_EXERCISE AIM_
Show, from the entries below, every line in which "does" appears.

Stored data
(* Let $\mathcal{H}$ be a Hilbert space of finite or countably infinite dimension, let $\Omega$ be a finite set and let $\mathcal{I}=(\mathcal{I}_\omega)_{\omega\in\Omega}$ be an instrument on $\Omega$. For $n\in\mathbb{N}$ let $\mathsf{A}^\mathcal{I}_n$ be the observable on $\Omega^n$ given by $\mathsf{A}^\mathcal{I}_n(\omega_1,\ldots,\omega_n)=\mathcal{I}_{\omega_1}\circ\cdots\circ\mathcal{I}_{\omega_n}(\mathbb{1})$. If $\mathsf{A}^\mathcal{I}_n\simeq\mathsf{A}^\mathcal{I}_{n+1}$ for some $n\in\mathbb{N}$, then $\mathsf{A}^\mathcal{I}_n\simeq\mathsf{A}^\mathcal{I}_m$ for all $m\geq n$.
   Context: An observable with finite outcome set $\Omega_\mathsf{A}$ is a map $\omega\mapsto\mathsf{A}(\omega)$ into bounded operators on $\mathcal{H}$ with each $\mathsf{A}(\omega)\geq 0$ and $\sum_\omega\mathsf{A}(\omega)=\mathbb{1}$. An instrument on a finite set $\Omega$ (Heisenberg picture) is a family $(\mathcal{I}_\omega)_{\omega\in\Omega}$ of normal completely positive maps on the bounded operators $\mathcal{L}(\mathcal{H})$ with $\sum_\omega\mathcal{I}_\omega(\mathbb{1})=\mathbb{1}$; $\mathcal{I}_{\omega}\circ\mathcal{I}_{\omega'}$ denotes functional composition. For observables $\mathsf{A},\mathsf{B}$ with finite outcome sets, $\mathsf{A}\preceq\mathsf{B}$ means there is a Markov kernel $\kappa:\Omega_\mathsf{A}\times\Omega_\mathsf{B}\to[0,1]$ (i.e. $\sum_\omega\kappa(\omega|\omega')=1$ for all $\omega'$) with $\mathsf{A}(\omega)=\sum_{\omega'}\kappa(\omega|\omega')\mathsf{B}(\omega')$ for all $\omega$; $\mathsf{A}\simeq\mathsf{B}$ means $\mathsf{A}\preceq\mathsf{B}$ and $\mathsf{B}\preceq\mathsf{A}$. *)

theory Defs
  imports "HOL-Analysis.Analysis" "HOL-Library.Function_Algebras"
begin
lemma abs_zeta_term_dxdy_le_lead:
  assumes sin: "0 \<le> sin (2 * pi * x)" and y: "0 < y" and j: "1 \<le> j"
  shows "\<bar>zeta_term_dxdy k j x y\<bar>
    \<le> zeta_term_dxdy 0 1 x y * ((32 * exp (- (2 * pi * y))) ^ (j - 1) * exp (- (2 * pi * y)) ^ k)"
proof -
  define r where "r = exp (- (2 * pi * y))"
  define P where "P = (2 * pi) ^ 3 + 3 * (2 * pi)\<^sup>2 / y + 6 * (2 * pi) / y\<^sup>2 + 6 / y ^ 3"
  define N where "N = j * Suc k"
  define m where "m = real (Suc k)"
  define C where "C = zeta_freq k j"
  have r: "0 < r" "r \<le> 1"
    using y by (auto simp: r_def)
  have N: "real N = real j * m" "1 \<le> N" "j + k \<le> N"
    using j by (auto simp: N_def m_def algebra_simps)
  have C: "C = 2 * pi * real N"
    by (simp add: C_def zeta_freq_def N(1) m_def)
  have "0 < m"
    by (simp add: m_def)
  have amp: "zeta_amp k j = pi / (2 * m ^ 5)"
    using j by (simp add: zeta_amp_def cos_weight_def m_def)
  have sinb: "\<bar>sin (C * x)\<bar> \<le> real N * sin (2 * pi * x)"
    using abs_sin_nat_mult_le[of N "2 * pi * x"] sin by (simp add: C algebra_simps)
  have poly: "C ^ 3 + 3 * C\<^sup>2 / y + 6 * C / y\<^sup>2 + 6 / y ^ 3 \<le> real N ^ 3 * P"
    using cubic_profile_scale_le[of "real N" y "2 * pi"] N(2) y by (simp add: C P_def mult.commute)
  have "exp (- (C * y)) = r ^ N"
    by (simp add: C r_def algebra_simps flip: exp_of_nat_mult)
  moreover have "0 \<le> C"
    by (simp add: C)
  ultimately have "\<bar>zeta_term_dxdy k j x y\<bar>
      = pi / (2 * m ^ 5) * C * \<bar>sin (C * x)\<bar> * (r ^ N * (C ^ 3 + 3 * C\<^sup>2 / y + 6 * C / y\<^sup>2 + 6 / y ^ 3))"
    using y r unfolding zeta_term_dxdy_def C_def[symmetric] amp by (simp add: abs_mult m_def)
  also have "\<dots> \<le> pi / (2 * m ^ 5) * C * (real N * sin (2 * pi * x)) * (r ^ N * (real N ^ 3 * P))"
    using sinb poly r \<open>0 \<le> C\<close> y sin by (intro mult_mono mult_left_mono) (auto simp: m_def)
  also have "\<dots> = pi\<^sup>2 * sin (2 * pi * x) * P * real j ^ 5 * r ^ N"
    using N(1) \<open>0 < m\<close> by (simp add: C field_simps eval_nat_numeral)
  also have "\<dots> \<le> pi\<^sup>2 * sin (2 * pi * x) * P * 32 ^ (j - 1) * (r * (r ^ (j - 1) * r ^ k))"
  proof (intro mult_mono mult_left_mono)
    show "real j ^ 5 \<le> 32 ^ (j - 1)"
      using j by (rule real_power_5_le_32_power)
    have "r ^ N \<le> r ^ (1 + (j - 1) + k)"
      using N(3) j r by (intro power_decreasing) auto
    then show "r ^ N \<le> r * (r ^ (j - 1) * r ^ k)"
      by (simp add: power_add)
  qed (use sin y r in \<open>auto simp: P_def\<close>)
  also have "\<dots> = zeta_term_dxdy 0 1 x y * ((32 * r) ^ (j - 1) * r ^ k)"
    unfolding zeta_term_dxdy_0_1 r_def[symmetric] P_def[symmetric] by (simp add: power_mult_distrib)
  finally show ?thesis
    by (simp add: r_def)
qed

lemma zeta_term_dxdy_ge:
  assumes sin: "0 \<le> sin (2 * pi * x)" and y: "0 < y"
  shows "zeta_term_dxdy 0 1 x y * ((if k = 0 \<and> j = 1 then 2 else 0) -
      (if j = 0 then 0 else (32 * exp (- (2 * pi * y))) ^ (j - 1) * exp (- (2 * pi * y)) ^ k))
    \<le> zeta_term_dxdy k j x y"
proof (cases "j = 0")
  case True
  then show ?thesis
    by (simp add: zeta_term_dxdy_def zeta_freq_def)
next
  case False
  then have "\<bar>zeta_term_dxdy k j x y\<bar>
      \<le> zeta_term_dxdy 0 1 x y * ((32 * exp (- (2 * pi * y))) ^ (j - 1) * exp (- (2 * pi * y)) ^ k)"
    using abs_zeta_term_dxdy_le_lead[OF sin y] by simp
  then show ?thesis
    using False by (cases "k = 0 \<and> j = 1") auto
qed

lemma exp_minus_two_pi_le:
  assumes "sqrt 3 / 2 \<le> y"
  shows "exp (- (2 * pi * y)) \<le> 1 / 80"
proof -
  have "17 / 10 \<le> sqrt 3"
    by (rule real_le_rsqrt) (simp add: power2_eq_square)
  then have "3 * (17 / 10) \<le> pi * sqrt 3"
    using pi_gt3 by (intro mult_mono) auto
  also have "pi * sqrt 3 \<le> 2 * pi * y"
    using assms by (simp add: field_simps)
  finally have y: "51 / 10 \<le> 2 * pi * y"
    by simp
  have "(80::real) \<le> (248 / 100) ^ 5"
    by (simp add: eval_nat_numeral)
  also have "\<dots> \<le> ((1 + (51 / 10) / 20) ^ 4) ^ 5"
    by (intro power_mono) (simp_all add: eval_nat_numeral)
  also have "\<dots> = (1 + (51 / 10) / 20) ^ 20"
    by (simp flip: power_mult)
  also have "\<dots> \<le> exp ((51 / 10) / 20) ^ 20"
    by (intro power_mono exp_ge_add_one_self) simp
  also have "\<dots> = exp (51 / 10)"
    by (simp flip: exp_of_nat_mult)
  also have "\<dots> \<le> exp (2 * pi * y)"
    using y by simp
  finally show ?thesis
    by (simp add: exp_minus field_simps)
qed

==

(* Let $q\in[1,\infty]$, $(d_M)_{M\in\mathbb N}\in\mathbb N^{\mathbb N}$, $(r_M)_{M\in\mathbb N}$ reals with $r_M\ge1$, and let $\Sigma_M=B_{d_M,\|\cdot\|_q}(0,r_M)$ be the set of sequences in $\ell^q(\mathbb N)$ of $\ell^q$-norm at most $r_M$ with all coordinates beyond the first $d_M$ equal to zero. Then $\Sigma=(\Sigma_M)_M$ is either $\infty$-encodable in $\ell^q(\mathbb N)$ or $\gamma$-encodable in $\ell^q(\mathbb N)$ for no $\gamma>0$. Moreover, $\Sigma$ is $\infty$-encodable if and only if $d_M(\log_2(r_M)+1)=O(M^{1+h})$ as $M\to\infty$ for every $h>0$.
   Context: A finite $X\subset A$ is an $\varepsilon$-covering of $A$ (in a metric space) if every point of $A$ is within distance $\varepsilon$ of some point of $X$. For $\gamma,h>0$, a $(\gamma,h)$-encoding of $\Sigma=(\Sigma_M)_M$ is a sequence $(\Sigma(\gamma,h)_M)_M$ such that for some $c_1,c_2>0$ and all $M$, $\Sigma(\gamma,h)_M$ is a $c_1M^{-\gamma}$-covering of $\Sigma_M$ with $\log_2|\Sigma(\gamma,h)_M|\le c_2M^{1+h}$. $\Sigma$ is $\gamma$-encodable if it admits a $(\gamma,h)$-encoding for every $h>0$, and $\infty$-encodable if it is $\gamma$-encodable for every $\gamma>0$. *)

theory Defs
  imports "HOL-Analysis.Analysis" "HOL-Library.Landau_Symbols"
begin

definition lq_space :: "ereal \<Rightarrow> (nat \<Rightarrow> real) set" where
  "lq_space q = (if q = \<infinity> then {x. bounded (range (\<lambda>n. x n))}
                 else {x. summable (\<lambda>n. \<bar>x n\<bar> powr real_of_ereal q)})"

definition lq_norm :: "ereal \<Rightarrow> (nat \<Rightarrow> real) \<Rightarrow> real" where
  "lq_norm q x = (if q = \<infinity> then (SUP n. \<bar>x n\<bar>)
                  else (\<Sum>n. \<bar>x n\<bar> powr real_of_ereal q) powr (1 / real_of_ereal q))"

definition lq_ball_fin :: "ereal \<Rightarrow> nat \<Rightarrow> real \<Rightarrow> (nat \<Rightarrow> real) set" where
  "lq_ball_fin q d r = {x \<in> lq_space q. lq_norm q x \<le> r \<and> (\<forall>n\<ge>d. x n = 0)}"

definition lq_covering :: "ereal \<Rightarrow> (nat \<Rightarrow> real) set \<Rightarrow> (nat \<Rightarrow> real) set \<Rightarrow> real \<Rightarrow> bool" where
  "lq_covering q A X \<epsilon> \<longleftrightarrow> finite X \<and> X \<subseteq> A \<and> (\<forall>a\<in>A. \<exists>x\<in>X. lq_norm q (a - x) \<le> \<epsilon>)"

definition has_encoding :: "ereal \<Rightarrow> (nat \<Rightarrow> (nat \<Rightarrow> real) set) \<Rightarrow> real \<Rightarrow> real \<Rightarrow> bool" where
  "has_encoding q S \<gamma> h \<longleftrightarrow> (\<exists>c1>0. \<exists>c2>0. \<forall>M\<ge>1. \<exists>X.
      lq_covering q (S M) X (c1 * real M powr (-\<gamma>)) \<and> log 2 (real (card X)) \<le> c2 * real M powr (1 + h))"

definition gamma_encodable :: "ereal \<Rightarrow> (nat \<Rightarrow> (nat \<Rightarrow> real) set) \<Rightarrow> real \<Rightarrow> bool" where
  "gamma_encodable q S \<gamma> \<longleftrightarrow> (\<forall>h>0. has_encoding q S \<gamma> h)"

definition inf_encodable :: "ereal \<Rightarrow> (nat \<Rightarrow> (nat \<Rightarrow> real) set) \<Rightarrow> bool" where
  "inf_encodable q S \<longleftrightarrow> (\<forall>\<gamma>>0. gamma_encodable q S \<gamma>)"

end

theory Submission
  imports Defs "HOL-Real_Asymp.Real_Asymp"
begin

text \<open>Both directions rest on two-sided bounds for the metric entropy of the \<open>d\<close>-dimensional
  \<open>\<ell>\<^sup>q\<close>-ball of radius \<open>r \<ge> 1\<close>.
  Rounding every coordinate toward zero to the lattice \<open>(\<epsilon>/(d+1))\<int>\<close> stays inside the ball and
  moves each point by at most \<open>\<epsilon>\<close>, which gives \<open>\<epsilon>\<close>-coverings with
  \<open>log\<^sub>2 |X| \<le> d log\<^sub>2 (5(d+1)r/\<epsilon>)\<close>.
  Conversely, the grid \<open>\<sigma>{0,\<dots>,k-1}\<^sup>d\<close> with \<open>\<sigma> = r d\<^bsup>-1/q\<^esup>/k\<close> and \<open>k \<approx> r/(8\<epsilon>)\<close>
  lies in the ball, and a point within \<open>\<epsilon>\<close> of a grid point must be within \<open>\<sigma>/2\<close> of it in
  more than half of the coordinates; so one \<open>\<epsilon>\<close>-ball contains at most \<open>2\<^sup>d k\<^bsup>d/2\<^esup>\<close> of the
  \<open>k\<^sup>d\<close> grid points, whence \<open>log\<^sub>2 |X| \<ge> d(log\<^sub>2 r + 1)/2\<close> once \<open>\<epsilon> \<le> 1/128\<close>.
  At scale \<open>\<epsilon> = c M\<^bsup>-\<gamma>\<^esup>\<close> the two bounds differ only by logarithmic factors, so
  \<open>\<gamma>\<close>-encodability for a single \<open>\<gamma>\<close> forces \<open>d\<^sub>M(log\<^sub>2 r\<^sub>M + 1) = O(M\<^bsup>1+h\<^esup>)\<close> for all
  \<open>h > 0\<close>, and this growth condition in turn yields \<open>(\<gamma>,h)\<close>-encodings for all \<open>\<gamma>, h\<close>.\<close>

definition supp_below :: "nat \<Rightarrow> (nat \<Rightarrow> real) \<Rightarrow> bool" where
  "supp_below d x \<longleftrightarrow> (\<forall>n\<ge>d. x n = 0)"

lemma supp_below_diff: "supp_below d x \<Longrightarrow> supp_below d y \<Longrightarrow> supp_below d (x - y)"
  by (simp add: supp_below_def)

* * *

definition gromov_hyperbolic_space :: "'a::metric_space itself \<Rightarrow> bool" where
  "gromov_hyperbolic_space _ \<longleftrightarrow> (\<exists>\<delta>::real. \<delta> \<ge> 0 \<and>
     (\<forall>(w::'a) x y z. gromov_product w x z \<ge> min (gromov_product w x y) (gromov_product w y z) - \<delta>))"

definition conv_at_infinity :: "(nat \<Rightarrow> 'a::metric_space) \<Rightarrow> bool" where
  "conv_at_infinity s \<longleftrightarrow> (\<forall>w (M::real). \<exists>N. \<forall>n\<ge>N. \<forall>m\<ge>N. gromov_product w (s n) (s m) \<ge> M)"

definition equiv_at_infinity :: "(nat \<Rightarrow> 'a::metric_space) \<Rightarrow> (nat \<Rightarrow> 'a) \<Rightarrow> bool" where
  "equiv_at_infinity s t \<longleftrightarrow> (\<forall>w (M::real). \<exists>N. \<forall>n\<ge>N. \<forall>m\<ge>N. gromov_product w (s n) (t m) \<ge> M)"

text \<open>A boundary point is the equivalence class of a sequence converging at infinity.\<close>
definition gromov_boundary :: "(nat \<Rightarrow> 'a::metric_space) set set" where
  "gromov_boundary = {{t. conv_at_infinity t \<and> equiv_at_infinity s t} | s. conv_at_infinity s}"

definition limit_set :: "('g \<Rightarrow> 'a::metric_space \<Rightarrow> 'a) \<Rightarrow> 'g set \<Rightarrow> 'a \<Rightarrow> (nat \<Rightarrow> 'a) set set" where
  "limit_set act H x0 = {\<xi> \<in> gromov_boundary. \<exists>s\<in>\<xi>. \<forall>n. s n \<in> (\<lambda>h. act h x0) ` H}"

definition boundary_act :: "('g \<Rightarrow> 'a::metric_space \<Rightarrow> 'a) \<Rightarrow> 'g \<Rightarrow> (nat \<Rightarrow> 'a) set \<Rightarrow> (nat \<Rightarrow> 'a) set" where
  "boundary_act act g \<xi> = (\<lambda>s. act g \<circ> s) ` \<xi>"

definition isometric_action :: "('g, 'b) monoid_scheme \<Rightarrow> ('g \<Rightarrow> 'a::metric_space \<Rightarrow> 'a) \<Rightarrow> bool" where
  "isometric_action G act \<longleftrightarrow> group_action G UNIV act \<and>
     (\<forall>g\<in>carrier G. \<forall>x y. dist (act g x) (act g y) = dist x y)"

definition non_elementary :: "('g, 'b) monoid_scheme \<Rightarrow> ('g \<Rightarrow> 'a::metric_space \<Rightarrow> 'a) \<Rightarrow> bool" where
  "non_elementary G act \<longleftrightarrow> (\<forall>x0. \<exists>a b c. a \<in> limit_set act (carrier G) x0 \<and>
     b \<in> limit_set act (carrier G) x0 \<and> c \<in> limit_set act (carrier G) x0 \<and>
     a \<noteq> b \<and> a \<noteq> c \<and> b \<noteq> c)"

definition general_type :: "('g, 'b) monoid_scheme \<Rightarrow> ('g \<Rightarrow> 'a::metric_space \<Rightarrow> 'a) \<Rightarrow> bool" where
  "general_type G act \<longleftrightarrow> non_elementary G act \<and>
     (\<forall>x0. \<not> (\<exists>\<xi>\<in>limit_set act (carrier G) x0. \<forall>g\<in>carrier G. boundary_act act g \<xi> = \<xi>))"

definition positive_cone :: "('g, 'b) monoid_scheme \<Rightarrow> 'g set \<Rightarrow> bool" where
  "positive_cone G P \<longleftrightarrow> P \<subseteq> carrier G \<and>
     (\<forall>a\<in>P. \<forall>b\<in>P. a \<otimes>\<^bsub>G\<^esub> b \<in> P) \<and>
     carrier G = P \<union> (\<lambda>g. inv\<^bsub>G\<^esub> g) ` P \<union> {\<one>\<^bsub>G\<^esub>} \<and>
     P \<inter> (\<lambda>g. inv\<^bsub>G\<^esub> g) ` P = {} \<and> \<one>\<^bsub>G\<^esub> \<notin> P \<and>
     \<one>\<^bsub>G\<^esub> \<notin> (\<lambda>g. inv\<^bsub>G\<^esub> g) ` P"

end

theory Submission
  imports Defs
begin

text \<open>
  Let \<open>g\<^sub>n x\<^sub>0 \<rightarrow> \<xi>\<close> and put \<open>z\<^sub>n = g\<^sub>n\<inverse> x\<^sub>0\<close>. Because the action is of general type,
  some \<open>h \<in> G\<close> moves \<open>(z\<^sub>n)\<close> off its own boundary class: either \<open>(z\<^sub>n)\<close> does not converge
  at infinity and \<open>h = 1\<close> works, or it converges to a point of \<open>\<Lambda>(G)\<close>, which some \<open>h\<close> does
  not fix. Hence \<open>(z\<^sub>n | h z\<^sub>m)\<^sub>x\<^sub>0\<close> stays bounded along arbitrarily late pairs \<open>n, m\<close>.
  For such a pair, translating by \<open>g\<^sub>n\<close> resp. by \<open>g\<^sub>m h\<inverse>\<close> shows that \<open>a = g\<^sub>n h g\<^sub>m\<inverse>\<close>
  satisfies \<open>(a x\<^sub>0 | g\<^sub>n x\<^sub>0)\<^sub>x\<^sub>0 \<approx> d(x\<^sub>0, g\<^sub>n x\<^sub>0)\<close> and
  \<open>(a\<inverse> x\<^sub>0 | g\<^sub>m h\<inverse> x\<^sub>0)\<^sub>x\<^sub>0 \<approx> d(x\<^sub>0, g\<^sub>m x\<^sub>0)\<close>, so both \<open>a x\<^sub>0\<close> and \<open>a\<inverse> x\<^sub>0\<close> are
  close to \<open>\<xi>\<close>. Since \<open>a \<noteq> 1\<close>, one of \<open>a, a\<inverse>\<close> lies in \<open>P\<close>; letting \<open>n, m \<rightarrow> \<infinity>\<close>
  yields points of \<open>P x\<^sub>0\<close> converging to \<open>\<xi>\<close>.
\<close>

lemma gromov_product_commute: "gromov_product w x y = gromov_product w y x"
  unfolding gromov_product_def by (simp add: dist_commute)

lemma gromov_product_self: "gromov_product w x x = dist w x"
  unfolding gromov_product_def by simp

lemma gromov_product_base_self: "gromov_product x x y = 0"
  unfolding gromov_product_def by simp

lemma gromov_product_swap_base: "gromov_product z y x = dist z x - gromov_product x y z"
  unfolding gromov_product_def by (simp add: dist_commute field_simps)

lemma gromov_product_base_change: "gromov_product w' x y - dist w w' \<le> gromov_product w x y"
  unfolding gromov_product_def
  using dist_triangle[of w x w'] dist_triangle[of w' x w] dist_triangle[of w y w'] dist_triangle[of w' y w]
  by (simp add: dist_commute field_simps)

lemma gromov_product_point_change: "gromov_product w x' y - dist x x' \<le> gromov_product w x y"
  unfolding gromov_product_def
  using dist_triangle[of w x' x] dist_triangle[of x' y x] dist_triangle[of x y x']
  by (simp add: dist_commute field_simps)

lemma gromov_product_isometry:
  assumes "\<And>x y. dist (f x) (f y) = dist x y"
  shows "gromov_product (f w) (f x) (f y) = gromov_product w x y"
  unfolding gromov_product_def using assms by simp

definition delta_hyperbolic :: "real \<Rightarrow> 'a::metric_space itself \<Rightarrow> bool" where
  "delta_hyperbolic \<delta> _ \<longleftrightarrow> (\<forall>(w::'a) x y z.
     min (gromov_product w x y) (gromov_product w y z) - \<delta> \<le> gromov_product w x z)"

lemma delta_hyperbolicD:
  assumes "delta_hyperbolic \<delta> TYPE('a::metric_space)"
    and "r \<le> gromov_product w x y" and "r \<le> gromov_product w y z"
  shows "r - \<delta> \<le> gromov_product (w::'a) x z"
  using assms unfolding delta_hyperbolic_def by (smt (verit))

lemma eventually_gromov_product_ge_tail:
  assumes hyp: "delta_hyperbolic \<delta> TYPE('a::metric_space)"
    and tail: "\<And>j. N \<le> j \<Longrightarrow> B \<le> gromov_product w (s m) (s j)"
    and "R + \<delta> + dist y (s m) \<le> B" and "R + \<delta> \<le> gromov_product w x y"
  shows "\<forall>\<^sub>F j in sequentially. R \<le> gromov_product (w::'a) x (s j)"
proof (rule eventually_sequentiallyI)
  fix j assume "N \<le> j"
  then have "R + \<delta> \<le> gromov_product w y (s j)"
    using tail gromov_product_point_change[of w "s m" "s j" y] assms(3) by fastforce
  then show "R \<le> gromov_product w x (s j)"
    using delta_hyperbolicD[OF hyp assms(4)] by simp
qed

_TASK ANSWER_
  some \<open>h \<in> G\<close> moves \<open>(z\<^sub>n)\<close> off its own boundary class: either \<open>(z\<^sub>n)\<close> does not converge
  at infinity and \<open>h = 1\<close> works, or it converges to a point of \<open>\<Lambda>(G)\<close>, which some \<open>h\<close> does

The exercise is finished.